■ The problem
Below are some records. Reproduce them exactly from their first line through the line with "(real^'n \<Rightarrow> real)", inclusive.

Data records:

────────────────

(* Let $n\ge 2$ and let $\xi\in\mathbb{R}^n$ be such that there exist $C_\xi,\sigma>0$ with $|\xi\cdot k|\ge C_\xi|k|^{-(n+\sigma)}$ for all $k\in\mathbb{Z}^n\setminus\{0\}$. Let $G\in C^m(\mathbb{R}^n)$ be $\mathbb{Z}^n$-periodic with $m>2n+\sigma$ and $G>0$. For $c\in\mathbb{R}^n$ and $\varepsilon>0$ let $u^\varepsilon(t;c)$ and $v(\tau;c)$ be the unique solutions of $\dot u^\varepsilon=\xi/G(u^\varepsilon/\varepsilon)$, $u^\varepsilon(0)=c$, and $\dot v=\xi/G(v)$, $v(0)=c$. Then there is $C_0>0$ such that $v_i(\tau;c^2)-v_i(\tau;c^1)\le C_0$ for all $i\in\{1,\dots,n\}$, $\tau>0$, and all $c^1,c^2\in\mathbb{R}^n$ with $c^1-c^2\in[0,1]^n$. As a consequence, there exist $C>0$ and $\bar f\in\mathbb{R}^n$ depending only on $G$ and $\xi$ such that for all $t>0$, $\varepsilon>0$, $c\in\mathbb{R}^n$ and all $i$, \[|u^\varepsilon_i(t;c)-(c_i+\bar f_i t)|\le C\varepsilon.\] *)

theory Defs
  imports "HOL-Analysis.Analysis"
begin

fun cont_diff :: "nat \<Rightarrow> (real^'n \<Rightarrow> real) \<Rightarrow> bool" where
  "cont_diff 0 f \<longleftrightarrow> continuous_on UNIV f"
| "cont_diff (Suc m) f \<longleftrightarrow>
     (\<exists>f'. (\<forall>x. (f has_derivative f' x) (at x)) \<and> (\<forall>v. cont_diff m (\<lambda>x. f' x v)))"

definition int_vec :: "real^'n \<Rightarrow> bool" where
  "int_vec k \<longleftrightarrow> (\<forall>i. k $ i \<in> \<int>)"

definition ode_sol :: "(real^'n \<Rightarrow> real^'n) \<Rightarrow> real^'n \<Rightarrow> (real \<Rightarrow> real^'n) \<Rightarrow> bool" where
  "ode_sol F c u \<longleftrightarrow> u 0 = c \<and>
     (\<forall>t\<ge>0. (u has_vector_derivative F (u t)) (at t within {0..}))"

end

theory Submission
  imports Defs
begin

────────────────

■ Exercise solution
(* Let $n\ge 2$ and let $\xi\in\mathbb{R}^n$ be such that there exist $C_\xi,\sigma>0$ with $|\xi\cdot k|\ge C_\xi|k|^{-(n+\sigma)}$ for all $k\in\mathbb{Z}^n\setminus\{0\}$. Let $G\in C^m(\mathbb{R}^n)$ be $\mathbb{Z}^n$-periodic with $m>2n+\sigma$ and $G>0$. For $c\in\mathbb{R}^n$ and $\varepsilon>0$ let $u^\varepsilon(t;c)$ and $v(\tau;c)$ be the unique solutions of $\dot u^\varepsilon=\xi/G(u^\varepsilon/\varepsilon)$, $u^\varepsilon(0)=c$, and $\dot v=\xi/G(v)$, $v(0)=c$. Then there is $C_0>0$ such that $v_i(\tau;c^2)-v_i(\tau;c^1)\le C_0$ for all $i\in\{1,\dots,n\}$, $\tau>0$, and all $c^1,c^2\in\mathbb{R}^n$ with $c^1-c^2\in[0,1]^n$. As a consequence, there exist $C>0$ and $\bar f\in\mathbb{R}^n$ depending only on $G$ and $\xi$ such that for all $t>0$, $\varepsilon>0$, $c\in\mathbb{R}^n$ and all $i$, \[|u^\varepsilon_i(t;c)-(c_i+\bar f_i t)|\le C\varepsilon.\] *)

theory Defs
  imports "HOL-Analysis.Analysis"
begin

fun cont_diff :: "nat \<Rightarrow> (real^'n \<Rightarrow> real) \<Rightarrow> bool" where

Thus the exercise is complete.